First, this is a good illustration of the approach from Department of Health v IC [2011] EWHC 1430 (Admin) (the “abortion statistics” case – see my post here) to the definition of “personal data” in the context of apparently anonymous statistics. Here the Tribunal considered both the disputed information concerning numbers of alleged sex offenders and the “other information” held by the Constabulary, and was satisfied that living individuals could thereby be identified. Furthermore, for obvious reasons, this constituted “sensitive personal data”.

Secondly, the Tribunal turned to fairness of disclosure. As regards reasonable expectations of data subjects, it concluded (for confidential reasons, and notwithstanding that one can generally assume sensitive personal data will not be disclosed) that the data subjects in these circumstances could have had no reasonable expectation that these statistics would not be disclosed at the relevant time, i.e. late 2007.

Thirdly, the Tribunal also disagreed with the Commissioner that disclosure created a risk of harm to the suspected offenders at the relevant time.
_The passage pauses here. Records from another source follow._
(* Let $0<q<1$ and $p\ge1$. On the spin chain with sites $-p+\tfrac12,\dots,p-\tfrac12$, consider the probability measure on $p$-element sets of down-spin positions $y_1>y_2>\dots>y_p$ given by $$\mathbb P(y_1,\dots,y_p)=\frac{q^{2\sum_{i=1}^p y_i}}{\sum_{y'_1>\dots>y'_p}q^{2\sum_i y'_i}}$$ (the squared amplitudes of the normalized ground state $\sum q^{\sum_i y_i}\Omega(y_1,\dots,y_p)$ of the half-filled sector). For $1\le l\le p$ and $0\le\delta\le p$ let $P(l,\delta)$ be the probability that $y_l=\delta-l+\tfrac12$. Then $$P(l,\delta)=q^{2l\delta}\,\frac{\begin{bmatrix}p+\delta-l\\ \delta\end{bmatrix}_{q^2}\begin{bmatrix}p-\delta+l-1\\ l-1\end{bmatrix}_{q^2}}{\begin{bmatrix}2p\\ p\end{bmatrix}_{q^2}},$$ and, for fixed $l\ge1,\delta\ge0$, as $p\to\infty$, $$P(l,\delta)\to q^{2l\delta}\frac{(q^2;q^2)_\infty}{(q^2;q^2)_{l-1}(q^2;q^2)_\delta}.$$
   Context: $\begin{bmatrix}n\\k\end{bmatrix}_{q^2}$ denotes the Gaussian binomial coefficient in base $q^2$ (zero if $k<0$ or $k>n$), and $(a;q^2)_k=\prod_{j=0}^{k-1}(1-aq^{2j})$, $(a;q^2)_\infty=\prod_{j\ge0}(1-aq^{2j})$. *)

theory Defs
  imports "HOL-Analysis.Analysis"
begin

definition gauss_binom :: "real \<Rightarrow> nat \<Rightarrow> nat \<Rightarrow> real" where
  "gauss_binom x n k =
     (if k \<le> n then (\<Prod>j<k. (1 - x ^ (n - j)) / (1 - x ^ (j + 1))) else 0)"

definition qpoch :: "real \<Rightarrow> real \<Rightarrow> nat \<Rightarrow> real" where
  "qpoch a x k = (\<Prod>j<k. 1 - a * x ^ j)"

definition qpoch_inf :: "real \<Rightarrow> real \<Rightarrow> real" where
  "qpoch_inf a x = (\<Prod>j. 1 - a * x ^ j)"

definition sites :: "nat \<Rightarrow> real set" where
  "sites p = {real_of_int k + 1/2 | k. - int p \<le> k \<and> k < int p}"

definition configs :: "nat \<Rightarrow> real set set" where
  "configs p = {A. A \<subseteq> sites p \<and> card A = p}"

definition ypos :: "real set \<Rightarrow> nat \<Rightarrow> real" where
  "ypos A l = rev (sorted_list_of_set A) ! (l - 1)"

definition weight :: "real \<Rightarrow> real set \<Rightarrow> real" where
  "weight q A = q powr (2 * (\<Sum>y\<in>A. y))"

definition Pld :: "real \<Rightarrow> nat \<Rightarrow> nat \<Rightarrow> nat \<Rightarrow> real" where
  "Pld q p l \<delta> =
     (\<Sum>A\<in>{A\<in>configs p. ypos A l = real \<delta> - real l + 1/2}. weight q A)
     / (\<Sum>A\<in>configs p. weight q A)"

end

theory Submission
  imports Defs
begin

(*
  Number the sites from the left by 0, ..., 2p-1. A configuration becomes a p-subset B of
  {0..<2p}, and its weight becomes x^(sum B) with x = q^2, up to a factor depending only on p.
  The k-subsets of {0..<n} have generating function x^(k(k-1)/2) [n,k]_x (the q-Pascal rule).
  The event y_l = delta - l + 1/2 says that m = p + delta - l lies in B with exactly p - l
  elements of B below it; such B are L + {m} + U with L a (p-l)-subset of {..<m} and U an
  (l-1)-subset of {m<..<2p}, so the numerator is a product of two Gaussian binomials.
  For the limit, [n,k]_x -> 1/(x;x)_k as n -> oo and [2p,p]_x -> 1/(x;x)_oo.
*)

section \<open>Sorted lists of finite sets\<close>

lemma less_nth_sorted_list_of_set:
  fixes B :: "'a::linorder set"
  assumes "finite B" "i < card B"
  shows "{b\<in>B. b < sorted_list_of_set B ! i} = (!) (sorted_list_of_set B) ` {..<i}"
proof -
  let ?xs = "sorted_list_of_set B"
  have sorted: "sorted_wrt (<) ?xs" and B: "set ?xs = B" "length ?xs = card B"
    using assms(1) by auto
  show ?thesis
  proof (intro set_eqI iffI)
    fix b assume "b \<in> {b\<in>B. b < ?xs ! i}"
    then have "b \<in> set ?xs" "b < ?xs ! i" using B by auto
    then obtain j where j: "j < length ?xs" "b = ?xs ! j" "b < ?xs ! i"
      by (metis in_set_conv_nth)
    have "j < i"
    proof (rule ccontr)
      assume "\<not> j < i"
      then have "?xs ! i \<le> ?xs ! j"
        using sorted_wrt_nth_less[OF sorted, of i j] j(1) by (cases "i = j") auto
      then show False using j by simp
    qed
    then show "b \<in> (!) ?xs ` {..<i}" using j by auto
  next
    fix b assume "b \<in> (!) ?xs ` {..<i}"
    then obtain j where "j < i" "b = ?xs ! j" by auto
    then show "b \<in> {b\<in>B. b < ?xs ! i}"
      using sorted_wrt_nth_less[OF sorted, of j i] assms(2) B nth_mem[of j ?xs] by auto
  qed
qed

lemma card_less_nth_sorted_list_of_set:
  fixes B :: "'a::linorder set"
  assumes "finite B" "i < card B"
  shows "card {b\<in>B. b < sorted_list_of_set B ! i} = i"
proof -
  have "inj_on ((!) (sorted_list_of_set B)) {..<i}"
    using assms by (intro inj_onI) (simp add: nth_eq_iff_index_eq)
  then show ?thesis
    unfolding less_nth_sorted_list_of_set[OF assms] by (simp add: card_image)
qed

lemma nth_sorted_list_of_set_eq_iff:
  fixes B :: "'a::linorder set"
  assumes "finite B" "i < card B"
  shows "sorted_list_of_set B ! i = m \<longleftrightarrow> m \<in> B \<and> card {b\<in>B. b < m} = i"
proof
  assume "sorted_list_of_set B ! i = m"
  then show "m \<in> B \<and> card {b\<in>B. b < m} = i"
    using assms card_less_nth_sorted_list_of_set nth_mem[of i "sorted_list_of_set B"] by auto
next
  assume m: "m \<in> B \<and> card {b\<in>B. b < m} = i"
  then obtain j where "j < card B" "sorted_list_of_set B ! j = m"
    using assms(1) by (metis in_set_conv_nth length_sorted_list_of_set set_sorted_list_of_set)
  then show "sorted_list_of_set B ! i = m"
    using card_less_nth_sorted_list_of_set[OF assms(1)] m by metis
qed

lemma sorted_list_of_set_image_strict_mono:
  fixes f :: "'a::linorder \<Rightarrow> 'b::linorder"
  assumes "strict_mono f" "finite B"
  shows "sorted_list_of_set (f ` B) = map f (sorted_list_of_set B)"
proof -
  have "sorted (map f (sorted_list_of_set B))" "distinct (map f (sorted_list_of_set B))"
    using assms strict_mono_less_eq strict_mono_imp_inj_on[OF assms(1)]
    by (auto simp: sorted_wrt_map distinct_map intro: sorted_wrt_mono_rel[OF _ sorted_sorted_list_of_set])
  then show ?thesis
    using sorted_list_of_set.idem_if_sorted_distinct assms(2) by fastforce
qed
(* Let $b>0$, $\beta\in(0,1)$, and let $R>0$ be such that, for the functions $\underline u_{\rm out}(r) = Lr^{-m} - br^{-l} \log \frac{r}{R}$, $\underline v_{\rm out}(r) = m(n-2-m)Lr^{-m-2} +\big[- l(n-2-l) \log \frac{r}{R} + (n-2-2l)\big]br^{-l-2}$, $\underline w_{\rm out}(r) = m(m+2)(n-2-m)(n-4-m)Lr^{-m-4} - l(l+2)(n-2-l)(n-4-l)br^{-l-4} \log \frac{r}{R} + (n-2-2l)(l+2)(n-4-l) b r^{-l-4}$, the numbers $\underline r_1 = \sup\{ r>0 : \underline u_{\rm out}(r) \leqslant 0 \}$, $\underline r_2 = \sup\{ r>0 : \underline v_{\rm out}(r) \leqslant 0 \}$, $\underline r_3 = \sup\{ r>0 : \underline w_{\rm out}(r) \leqslant 0 \}$ are well defined and satisfy $R<\underline r_1<\underline r_2<\underline r_3<+\infty$. For $c>0$ and $r>R$ define, writing $\ell(r)=\log\frac{r}{R}$, \[ \begin{aligned} \overline u_{\rm out}(r) &= Lr^{-m} -b r^{-l} \ell + cr^{-l} \ell^{\beta},\\ \overline v_{\rm out}(r) &= m(n-2-m)Lr^{-m-2} - \big[ l(n-2-l) \ell - (n-2-2l)\big] br^{-l-2} \\ &\quad + \big[ l(n-2-l) \ell^{\beta} -\beta(n-2-2l) \ell^{\beta-1} +\beta(1-\beta) \ell^{\beta-2} \big]cr^{-l-2},\\ \overline w_{\rm out}(r) &= m(m+2)(n-2-m)(n-4-m)Lr^{-m-4} - (l+2)(n-4-l) \big[ l(n-2-l) \ell -(n-2-2l) \big]br^{-l-4}\\ &\quad +\Big[ l (l+2) (n-2-l) (n-4-l) \ell^{\beta} - \beta(n-2-2l) (l+2)(n-4-l) \ell^{\beta-1} \\ &\qquad +\beta(1-\beta) \big(l(n-2-l)+(l+2)(n-4-l)\big) \ell^{\beta-2} + \beta(1-\beta)(2-\beta) (n-2-2l) \ell^{\beta-3} \\ &\qquad - \beta(1-\beta)(2-\beta)(3-\beta) \ell^{\beta-4} \Big]cr^{-l-4}. \end{aligned} \] Then there exists $c_1>0$ such that for all $c>c_1$, \[ -\Delta \overline u_{\rm out} = \overline v_{\rm out} \ \text{ for all } r>R,\qquad -\Delta \overline v_{\rm out} = \overline w_{\rm out} \ \text{ for all } r>R,\qquad -\Delta \overline w_{\rm out} \geqslant \overline u_{\rm out}^p \ \text{ for all } r>\overline r_1, \] where $\overline r_1 = R \exp\big((c/b)^{\frac{1}{1-\beta}}\big)$.
   Context: Let $n\geqslant 15$ and $p=p_{\mathsf{JL}}(6,n)$, where $p_{\mathsf{JL}}(6,n)=\frac{(n+4)\sqrt{3} - \sqrt{\sqrt[3]{K_0+K_1}+ \sqrt[3]{K_0-K_1} + 3n^2+32 }}{(n-8)\sqrt{3} - \sqrt{\sqrt[3]{K_0+K_1} + \sqrt[3]{K_0-K_1} + 3n^2+32 }}$ with $2K_0 =-27n^6+324 n^5-756n^4-2592 n^3 + 25776 n^2 +5184 n -23744$, $2K_1 = \sqrt{(2K_0)^2 - 4(192n^2+256)^3}$. Let $m=6/(p-1)$, $L=\big(m(m+2)(m+4)(n-2-m)(n-4-m)(n-6-m)\big)^{1/(p-1)}$, let $\lambda_3$ be the smallest positive root of $P(\lambda)=(m+\lambda)(m+\lambda+2)(m+\lambda+4)(n-2-m-\lambda)(n-4-m-\lambda)(n-6-m-\lambda)-pL^{p-1}$, and set $l=m+\lambda_3$. For a function $f$ of $r=|x|$, $\Delta f$ denotes the Laplacian in $\mathbf R^n$ of $x\mapsto f(|x|)$, i.e. $f''+\frac{n-1}{r}f'$. *)

theory Defs
  imports "HOL-Analysis.Analysis"
begin

text \<open>The Joseph--Lundgren type exponent p_JL(6,n) (cube roots via root 3, odd root, sign preserving).\<close>
definition pJL6 :: "nat \<Rightarrow> real" where
  "pJL6 n = (let N = real n;
     K0 = (-27*N^6 + 324*N^5 - 756*N^4 - 2592*N^3 + 25776*N^2 + 5184*N - 23744) / 2;
     K1 = sqrt ((2*K0)^2 - 4*(192*N^2 + 256)^3) / 2;
     S = sqrt (root 3 (K0 + K1) + root 3 (K0 - K1) + 3*N^2 + 32)
   in ((N + 4) * sqrt 3 - S) / ((N - 8) * sqrt 3 - S))"

definition mexp :: "nat \<Rightarrow> real" where
  "mexp n = 6 / (pJL6 n - 1)"

definition Lconst :: "nat \<Rightarrow> real" where
  "Lconst n = (let m = mexp n; N = real n in
     (m*(m+2)*(m+4)*(N-2-m)*(N-4-m)*(N-6-m)) powr (1 / (pJL6 n - 1)))"

definition Ppoly :: "nat \<Rightarrow> real \<Rightarrow> real" where
  "Ppoly n x = (let m = mexp n; N = real n in
     (m+x)*(m+x+2)*(m+x+4)*(N-2-m-x)*(N-4-m-x)*(N-6-m-x)
       - pJL6 n * Lconst n powr (pJL6 n - 1))"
Fourthly, the Tribunal considered whether a condition from Schedule 3 of the DPA 1998 would be met. It did so by asking itself whether paragraph 3 of the Schedule of the Data Protection (Processing of Sensitive Personal Data) Order 2000 applied. That concerns, inter alia, disclosure of information concerning alleged unlawful acts for “special purposes” such as journalism. Disclosure must, however, be “in the substantial public interest”.

The “special purpose” of journalism highlights the following important reminder. It is by now axiomatic that FOIA is “motive blind”. However, the cases of Ferguson v IC (EA/2010/0085) (on which, see my post here) and Brett v IC (EA/2008/0098) imposed an important gloss on that principle. The Tribunal in Ferguson summed up the point thus:

“It is often stated that requester’s rights under FOIA are purpose-blind, in the sense that an applicant’s personal identity and motives for requesting information are irrelevant. This generalisation can mislead. There are some cases in which the applicant’s identity and motives may shed light on the public interests involved. More significantly, the applicant’s identify and motives can be of direct relevance to the exemption in FOIA s40(2) because of the provisions of DPA disclosure and to the interests pursued by the persons to whom the disclosure would be made. For example, a journalist or author may be able to outflank the s40(2) exemption by reliance upon DPA Schedule 3 condition 10 and paragraph 3 of the Schedule to the Data Protection (Processing of Sensitive Personal Data) Order 2000, where it is in the substantial public interest that wrongdoing should be publicised.”

The Tribunal in Smith agreed. The appeal, however, failed because disclosure of this information would not be “in the substantial public interest”.

The Tribunal thought it “reasonable to assume… that the public had an ongoing need for reassurance as to the level of activity by sexual offenders in particular localities and transparency and accountability in what the police were doing about it”. The threshold of “substantial public interest”, however, required a certain level of urgency in the need to reassure the public. That threshold was not met here.

In reaching this conclusion (which the Tribunal described as “finely balanced”), the Tribunal took into account: the evidence as to the machinery for the monitoring and supervision of sex offenders in the community; the risk of vigilantism, which can force suspects to “disappear”, which in turn increases the risk of reoffending. It added that:

“It was not enough, in the Tribunal’s view, that sexual offences by teachers or others in positions of trust was a matter of keen interest to the public. This, on its own, did not make disclosure “in the substantial public interest”. It was the Tribunal’s task to weigh against the wholly understandable concern felt by members of the public on this subject, the detrimental effects that disclosure could have.”

The upshot was that, although disclosure would be fair, section 40(2) took effect because no Schedule 3 condition would be met.